Isso sem contar a tecnologia da “permanência física indissolúvel no tempo” adquirida com exclusividade na clínica Sete Esferas, frequentada somente pelas muito ricas. Lá, ingere-se sete qualidades de alimentos por dia para que sejam perdidos sete quilos por semana e rejuvenescidos, ao longo de todo o processo, sete anos, sete meses e, obviamente, sete dias.
Sol nascente no centro da loja de disfarces femininos, o rapaz encimado pela cabeleira vermelha parecia ter nascido com a exclusiva função de tornar evidente a distância entre a mulher que rodava e a juventude. Parte sintética, parte natural, eu até dançaria com ele, ainda fresca e morna, embora estivesse a caminho da morte estratégica que nos afeta quando alcançamos os vinte e oito anos. Às habitantes de uma zona intermediária, apenas meio-respeito pode ser oferecido pela sociedade, diz a lei.

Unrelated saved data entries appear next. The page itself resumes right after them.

lemma l2inner_basis: "l2inner (basis p a) g = a * cnj (g p)"
proof -
  have "(\<lambda>k. basis p a k * cnj (g k)) = (\<lambda>k. if k = p then a * cnj (g p) else 0)"
    by (auto simp: basis_def)
  then show ?thesis unfolding l2inner_def
    using sums_single[of p "\<lambda>_. a * cnj (g p)"] by (simp add: sums_iff)
qed

lemma ball1_coord_le: "x \<in> ball1 \<Longrightarrow> cmod (x p) \<le> 1"
  using l2_coord_le[OF ball1_l2] ball1_norm by (rule order_trans)

lemma basis_weight_summable:
  "(\<And>i. h i \<in> ball1) \<Longrightarrow> summable (\<lambda>i. (1/2) ^ Suc i * cmod (h i p))"
  by (intro geometric_weighted_summable[where C=1]) (simp add: ball1_coord_le)

lemma wdist_basis: "wdist h (basis p 1) (\<lambda>k. 0) = basis_weight h p"
  unfolding wdist_def basis_weight_def by (simp add: l2inner_basis)

text \<open>Every probe lies in l2, so its p-th coordinate tends to 0; by dominated convergence
  for series (Tannery's theorem) so does the weight.\<close>
lemma basis_weight_tendsto_zero:
  assumes h: "\<And>i. h i \<in> ball1"
  shows "basis_weight h \<longlonglongrightarrow> 0"
proof -
  have "(\<lambda>m. cmod (h k m)) \<longlonglongrightarrow> 0" for k
    using tendsto_real_sqrt[OF summable_LIMSEQ_zero[of "\<lambda>m. (cmod (h k m))\<^sup>2"]] h[of k]
    by (simp add: ball1_def l2_def)
  then have lim: "(\<lambda>m. (1/2::real) ^ Suc k * cmod (h k m)) \<longlonglongrightarrow> 0" for k
    by (rule tendsto_mult_right_zero)
  have "norm ((1/2::real) ^ Suc k * cmod (h k m)) \<le> (1/2) ^ Suc k" for k m
    using ball1_coord_le[OF h] by (simp add: mult_left_le)
  then have bound: "\<forall>\<^sub>F (k, m) in at_top \<times>\<^sub>F sequentially.
      norm ((1/2::real) ^ Suc k * cmod (h k m)) \<le> (1/2) ^ Suc k"
    by (intro always_eventually) (auto simp: case_prod_beta)
  from tannerys_theorem[OF lim bound sums_summable[OF power_half_series]] show ?thesis
    by (simp add: basis_weight_def[abs_def])
qed

text \<open>Some probe is 1-close to e_0, hence has nonzero 0-th coordinate.\<close>
lemma basis_weight_0_pos:
  assumes dense: "dense_seq h"
  shows "0 < basis_weight h 0"
proof -
  have h: "\<And>i. h i \<in> ball1" using dense by (simp add: dense_seq_def)
  obtain i where i: "l2norm (\<lambda>n. basis 0 1 n - h i n) < 1"
    using dense basis_ball1 by (force simp: dense_seq_def)
  have "cmod (basis 0 1 0 - h i 0) \<le> l2norm (\<lambda>n. basis 0 1 n - h i n)"
    using l2_coord_le[OF l2_diff[OF basis_l2 ball1_l2[OF h]]] .
  with i have "h i 0 \<noteq> 0" by (auto simp: basis_def)
  then show ?thesis unfolding basis_weight_def
    by (intro suminf_pos2[where i=i] basis_weight_summable h) auto
qed

section \<open>Left shifts are not uniformly equicontinuous\<close>

text \<open>e_m is weakly close to 0 for large m, but S_l^m e_m = e_0 is not.\<close>
theorem not_uec_shift_l_pow:
  assumes dense: "dense_seq h"
  shows "\<not> uec ball1 (wdist h) (\<lambda>n. shift_l ^^ n)"
proof (rule not_uec_by_separated_pairs)
  have h: "\<And>i. h i \<in> ball1" using dense by (simp add: dense_seq_def)
  show "(\<lambda>m. wdist h (basis m 1) (\<lambda>k. 0)) \<longlonglongrightarrow> 0"
    unfolding wdist_basis using basis_weight_tendsto_zero[OF h] by simp
  show "basis_weight h 0 \<le> wdist h ((shift_l ^^ m) (basis m 1)) ((shift_l ^^ m) (\<lambda>k. 0))" for m
    using wdist_basis[of h 0] by (simp add: shift_l_pow basis_def)
qed (use basis_ball1 zero_ball1 basis_weight_0_pos[OF dense] in auto)

section \<open>Right multiplication by right shifts is not uniformly equicontinuous\<close>

definition rank_one :: "nat \<Rightarrow> (nat \<Rightarrow> complex) \<Rightarrow> nat \<Rightarrow> complex" where
  "rank_one m = (\<lambda>x. if x \<in> l2 then basis 0 (x m) else (\<lambda>k. 0))"

lemma rank_one_opball1: "rank_one m \<in> opball1"
proof -
  have "basis 0 (a + b) = (\<lambda>n. basis 0 a n + basis 0 b n)"
    and "basis 0 (c * a) = (\<lambda>n. c * basis 0 a n)" for a b c
    by (auto simp: basis_def)
  then show ?thesis
    unfolding opball1_def rank_one_def
    by (auto simp: basis_l2 l2_add l2_scale basis_norm l2_coord_le)
qed

lemma zero_op_opball1: "(\<lambda>x k. 0) \<in> opball1"
  unfolding opball1_def using l2norm_nonneg by (auto simp: l2_def l2norm_def)

lemma wodist_to_basis_0:
  assumes h: "\<And>i. h i \<in> ball1"
    and A: "\<And>i. A (h i) = basis 0 (h i p)" and B: "\<And>i. B (h i) = (\<lambda>k. 0)"
  shows "wodist h A B = basis_weight h p * basis_weight h 0"
proof -
  have row: "(\<Sum>j. (1/2::real) ^ (Suc i + Suc j) * cmod (l2inner (\<lambda>n. A (h i) n - B (h i) n) (h j)))
      = (1/2) ^ Suc i * cmod (h i p) * basis_weight h 0" for i
  proof -
    have "(\<lambda>j. (1/2::real) ^ (Suc i + Suc j) * cmod (l2inner (\<lambda>n. A (h i) n - B (h i) n) (h j)))
        = (\<lambda>j. (1/2) ^ Suc i * cmod (h i p) * ((1/2) ^ Suc j * cmod (h j 0)))"
      by (simp add: A B l2inner_basis norm_mult power_add fun_eq_iff)
    then show ?thesis unfolding basis_weight_def
      by (simp only: suminf_mult[OF basis_weight_summable[OF h, where p=0]])
  qed
  show ?thesis unfolding wodist_def row basis_weight_def
    by (simp only: suminf_mult2[OF basis_weight_summable[OF h, where p=p]])
qed

text \<open>The rank-one maps are weak-operator close to 0 for large m, but composing with
  S_r^m moves the coordinate m back to 0.\<close>
theorem not_uec_right_mult_shift_r_pow:
  assumes dense: "dense_seq h"
  shows "\<not> uec opball1 (wodist h) (\<lambda>n A. A \<circ> (shift_r ^^ n))"
proof (rule not_uec_by_separated_pairs)
  have h: "\<And>i. h i \<in> ball1" using dense by (simp add: dense_seq_def)
  have dist: "wodist h (rank_one m) (\<lambda>x k. 0) = basis_weight h m * basis_weight h 0" for m
    using h by (intro wodist_to_basis_0) (auto simp: rank_one_def ball1_l2)
  show "(\<lambda>m. wodist h (rank_one m) (\<lambda>x k. 0)) \<longlonglongrightarrow> 0"
    unfolding dist by (intro tendsto_mult_left_zero basis_weight_tendsto_zero h)
  have "(shift_r ^^ m) (h i) \<in> l2" for m i
    using h by (simp add: shift_r_pow_l2_iff ball1_l2)
  then have "wodist h (rank_one m \<circ> (shift_r ^^ m)) ((\<lambda>x k. 0) \<circ> (shift_r ^^ m))
      = basis_weight h 0 * basis_weight h 0" for m
    using h by (intro wodist_to_basis_0) (auto simp: rank_one_def shift_r_pow)
  then show "basis_weight h 0 * basis_weight h 0
      \<le> wodist h (rank_one m \<circ> (shift_r ^^ m)) ((\<lambda>x k. 0) \<circ> (shift_r ^^ m))" for m
    by simp
qed (use rank_one_opball1 zero_op_opball1 basis_weight_0_pos[OF dense] in auto)

theorem mainTheorem9:
  fixes h :: "nat \<Rightarrow> nat \<Rightarrow> complex"
  assumes "dense_seq h"
  shows "uec ball1 (wdist h) (\<lambda>n. shift_r ^^ n)
    \<and> (\<forall>x\<in>l2. \<forall>y\<in>l2. l2inner (shift_r x) y = l2inner x (shift_l y))
    \<and> \<not> uec ball1 (wdist h) (\<lambda>n. shift_l ^^ n)
    \<and> \<not> uec opball1 (wodist h) (\<lambda>n A. A \<circ> (shift_r ^^ n))"
  using uec_shift_r_pow[OF assms] shift_r_adjoint not_uec_shift_l_pow[OF assms]
    not_uec_right_mult_shift_r_pow[OF assms]
  by blast

end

Aquelas que se situam na região pós-juventude são vistas como conteúdo de ataúde em diferentes estágios de decomposição; que comecem os julgamentos, as averiguações dos peritos!
Antes que meu fim estivesse próximo, eu o beijaria apressada com meus lábios falsificados, em uma tentativa de me aproximar da sua força inata de homem-menino que perdura até os cinquenta e quatro anos. Tem quem ache graça desse atraso favorecido pela providência divina, demora-se mais para amadurecer. Dizem que os homens congelam no tempo, isso é coisa da mãe natureza.